Zonder enige inspanning; dat was de onverstoorbare en tussen de krakende takken allerminst geschrokken Sarina wel aan te zien. Het heeft toen wel even geduurd, alvorens de orang zich met een zoet lijntje naar haar kooi liet loodsen. Hoe gewillig en vriendelijk ze ook was, de leeftijd, waarop ze zich door een boze stem liet intimideren en zich aan de hand liet meeslepen, was al lang voorbij. Ze was geen ‘kind’ meer en ging alleen mee uit eigen vrije wil, zonder enig getrek te dulden en uitsluitend in een richting waartegen ze zelf geen bezwaar had. Waarbij het gelukkig nooit tot haar is doorgedrongen dat ze vier sterke mannen gemakkelijk met de hoofden tegen elkaar had kunnen slaan. Hoeveel kracht er in oranghanden en -voeten schuilt bleek onder meer toen Sarina, met de voeten hangend aan een paar tegen het plafond bevestigde verwarmingsbuizen, weigerde naar beneden te komen. De oppasser, een stevige man, grabbelde een snoepje uit z’n zak en stak het omhoog, vlak voor, maar nog net buiten het bereik van de snuit van de ondersteboven hangende aap, in de hoop dat ze voor deze verleiding zou bezwijken. Sarina greep echter met één hand de pols van de oppasser, tilde, nog steeds aan haar voeten hangende, de machteloze man een eindje van de vloer en knabbelde de lekkernij tussen z’n vingers vandaan …
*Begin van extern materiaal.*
(* Let $q=\{q_n\}_{n\geq1}$ be a system of Beurling primes with $\sigma_c(\zeta_q)<\infty$. Then for almost every $x\in\mathbb{R}$, $$\mu_q(x)\leq 2\sigma_c(\zeta_q).$$
   Context: A system of Beurling primes is an increasing sequence $q=\{q_n\}$ of real numbers with $1<q_n\to\infty$ such that $\{\log q_n\}$ is linearly independent over $\mathbb{Q}$; its Beurling integers $\{\nu_n\}_{n\geq1}$ are all finite products of elements of $q$ (including $1$), listed increasingly. $\zeta_q(s)=\sum_n\nu_n^{-s}$ and $\sigma_c(\zeta_q)$ is its abscissa of convergence. For $x\in\mathbb{R}$, the $q$-irrationality measure $\mu_q(x)$ is the infimum of the set of $r>0$ such that $|x-\nu_m/\nu_n|<\nu_n^{-r}$ holds for at most finitely many pairs $(m,n)\in\mathbb{N}\times\mathbb{N}$. *)

theory Defs
  imports "HOL-Analysis.Analysis"
begin

text \<open>A system of Beurling primes, indexed from 0: a strictly increasing real sequence
  with all terms > 1, tending to infinity, whose logarithms are linearly independent over Q.\<close>
definition beurling_primes :: "(nat \<Rightarrow> real) \<Rightarrow> bool" where
  "beurling_primes q \<longleftrightarrow>
     strict_mono q \<and> (\<forall>n. 1 < q n) \<and> filterlim q at_top sequentially \<and>
     (\<forall>F (c :: nat \<Rightarrow> rat). finite F \<longrightarrow>
        (\<Sum>i\<in>F. of_rat (c i) * ln (q i)) = 0 \<longrightarrow> (\<forall>i\<in>F. c i = 0))"

definition beurling_integers :: "(nat \<Rightarrow> real) \<Rightarrow> real set" where
  "beurling_integers q = {prod_list (map q xs) | xs. True}"

text \<open>The Beurling integers listed increasingly (indexed from 0).\<close>
definition beurling_nu :: "(nat \<Rightarrow> real) \<Rightarrow> nat \<Rightarrow> real" where
  "beurling_nu q = (SOME f. strict_mono f \<and> range f = beurling_integers q)"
Een enorm plezier had de aap in de stevige rekstok die hoog boven de begane grond hing in het gemeenschappelijke verblijf van de jonge mensapen – gorilla’s, orang-oetans en chimpansees. Plezier had ze erin zowel om het slingeren als om de zware ijzeren staven af te breken. Waarbij ze net niet snugger genoeg was om zich te realiseren dat haar speelgoed dan niet meer kon worden gebruikt. Orang-oetans zijn bijzonder intelligente dieren, zeker niet minder dan chimpansees. Het is verbluffend te zien, wat ze zelf weten uit te vinden of kunnen nabootsen. Gelijk elk mens van het andere verschilt, zowel in uiterlijk als karakter, zo is er ook geen mensaap gelijk aan de ander.
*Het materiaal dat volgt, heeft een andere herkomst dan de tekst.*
(* Let $\langle A, \leq, \otimes, \mathbf{1}\rangle$ be a finitely distributive semi-lattice monoid (respectively, a distributive complete lattice monoid), with bottom element $\bot$. Let $Lex_\omega(A) = I(A)^\omega \cup I(A)^\ast A \{\bot\}^\omega$, with componentwise operation $\otimes^\omega$, identity $\mathbf{1}^\omega$, and order $a \leq_\omega b$ iff $a_{\leq k} \leq_k b_{\leq k}$ for all $k\geq1$. Then $\langle Lex_\omega(A), \leq_\omega, \otimes^\omega, \mathbf{1}^\omega\rangle$ is a finitely distributive semi-lattice monoid (respectively, a distributive complete lattice monoid).
   Context: A semi-lattice monoid (SLM) is $\langle A,\leq,\otimes,\mathbf{1}\rangle$ where $\langle A,\otimes,\mathbf{1}\rangle$ is a commutative monoid and $\langle A,\leq\rangle$ a partial order in which every finite subset (including $\emptyset$, whose LUB is the bottom $\bot$) has a least upper bound $\bigvee X$; a complete lattice monoid (CLM) is the same with LUBs for all subsets. Finitely distributive: $a\otimes\bigvee X=\bigvee\{a\otimes x\mid x\in X\}$ for all $a$ and finite $X$; distributive (CLM): for all $X$. $a<b$ means $a\leq b$, $a\neq b$. $I(A) = \{c \in A \mid \forall a,b \in A.\ a \otimes c = b \otimes c \Rightarrow a = b\}$, $C(A)=A\setminus I(A)$. $I(A)^\omega$: infinite sequences over $I(A)$; $I(A)^\ast A\{\bot\}^\omega$: infinite sequences consisting of a finite (possibly empty) sequence over $I(A)$, then one element of $A$, then infinitely many $\bot$. $a_{\leq k}$ is the length-$k$ prefix. The order $\leq_k$ on $A^k$: $\leq_1=\leq$, and for $k\geq2$, $a_1 \ldots a_k \leq_k b_1 \ldots b_k$ iff $a_1 < b_1$, or $a_1 = b_1$ and $a_2 \ldots a_k \leq_{k-1} b_2 \ldots b_k$. *)

theory Defs
  imports Main
begin
theorem mainTheorem4:
  fixes G :: "('g, 'c) monoid_scheme" (structure)
    and p m :: nat
  assumes "Factorial_Ring.prime p" and "m \<ge> 2"
    and "comm_group G" and "finite (carrier G)" and "card (carrier G) = p ^ m"
    and "\<forall>x\<in>carrier G. x [^] p = \<one>"
    and "card (UNIV :: 'k set) = p"
  defines "A \<equiv> (group_algebra G :: ('g \<Rightarrow> 'k::{field,finite}) ring)"
    and "J \<equiv> jacobson_radical (group_algebra G :: ('g \<Rightarrow> 'k) ring)"
    and "N \<equiv> m * (p - 1)"
  shows "(\<forall>r. 0 < r \<and> r < N \<longrightarrow> \<not> principalideal (ideal_pow A J r) A)
       \<and> ideal_pow A J N = {(\<lambda>g. if g \<in> carrier G then c else 0) | c :: 'k. True}
       \<and> principalideal (ideal_pow A J N) A
       \<and> (\<forall>i \<le> N. checkable (ideal_pow A J i) A \<longleftrightarrow> i \<in> {0, 1})"
proof -
  interpret elementary_abelian_group G p
    by (intro elementary_abelian_group.intro elementary_abelian_group_axioms.intro) (use assms in auto)
  obtain basis where basis: "\<forall>i. basis i \<in> carrier G"
    "bij_betw (lin_comb basis m) (coeff_vectors m) (carrier G)"
    using exists_basis assms(4,5) by blast
  interpret M: elementary_abelian_group_algebra G A p m basis
    by (intro elementary_abelian_group_algebra.intro elementary_abelian_group_algebra_axioms.intro
        char_p_group_algebra.intro char_p_group_algebra_axioms.intro fin_group_algebra.intro
        fin_group_algebra_axioms.intro elementary_abelian_group_axioms)
      (use assms basis of_nat_card_UNIV_eq_0[where 'a = 'k] in auto)
  have J: "J = M.aug_ideal" and N: "N = M.top_degree"
    using M.jacobson_radical_eq_aug_ideal by (simp_all add: J_def A_def N_def M.top_degree_def)
  show ?thesis
    unfolding J N
    using M.Jpow_not_principal[OF assms(2)] M.Jpow_top_degree_eq M.Jpow_top_degree_principal
      M.checkable_Jpow_iff[OF assms(2)] by auto
qed

end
Sammie, een mannelijke orang – thans uitgegroeid tot een reusachtig dier, vader van verscheidene jongen – was in zijn jeugd bijvoorbeeld een stille, ietwat eenzelvige broeier, die het liefst op eigen houtje speelde. Daarin zat doorgaans weinig amusants. Wat gezichtsexpressie betreft, is er echter nooit een aap in Artis geweest die meer uitdrukking in zijn snuit kon leggen dan hij. Het was een klein kunstje, er alle denkbare menselijke gemoedsstemmingen op af te lezen – ten onrechte meestal, want het gevoelsleven van een aap verschilt nu eenmaal van dat van een mens.
Sammie bleek in zijn jonge jaren een groots imitator. Toen ik eens bij hem in de kooi stond en hij z’n arm om m’n hals wilde slaan, weerde ik hem af omdat dit lichaamsdeel niet bepaald brandschoon was. „Bah, Sammie,” zei ik, „je zit helemaal onder de poep.” Bij dit woord – dat je in gezelschap van een aap wel kunt zeggen – keek Sammie me aandachtig aan. Zo aandachtig dat ik het herhaalde. De aap tuurde vol interesse naar de lippen waar de twee p’s uitsputterden. Nog eens en nog eens werd het woord herhaald voor een uiterst aandachtige orang, die met z’n lange vingers voorzichtig voelde hoe het geluid uit die mond kwam. Voor hij kans kreeg z’n vingers in m’n mond te steken, zei ik het hem nog een paar keer voor.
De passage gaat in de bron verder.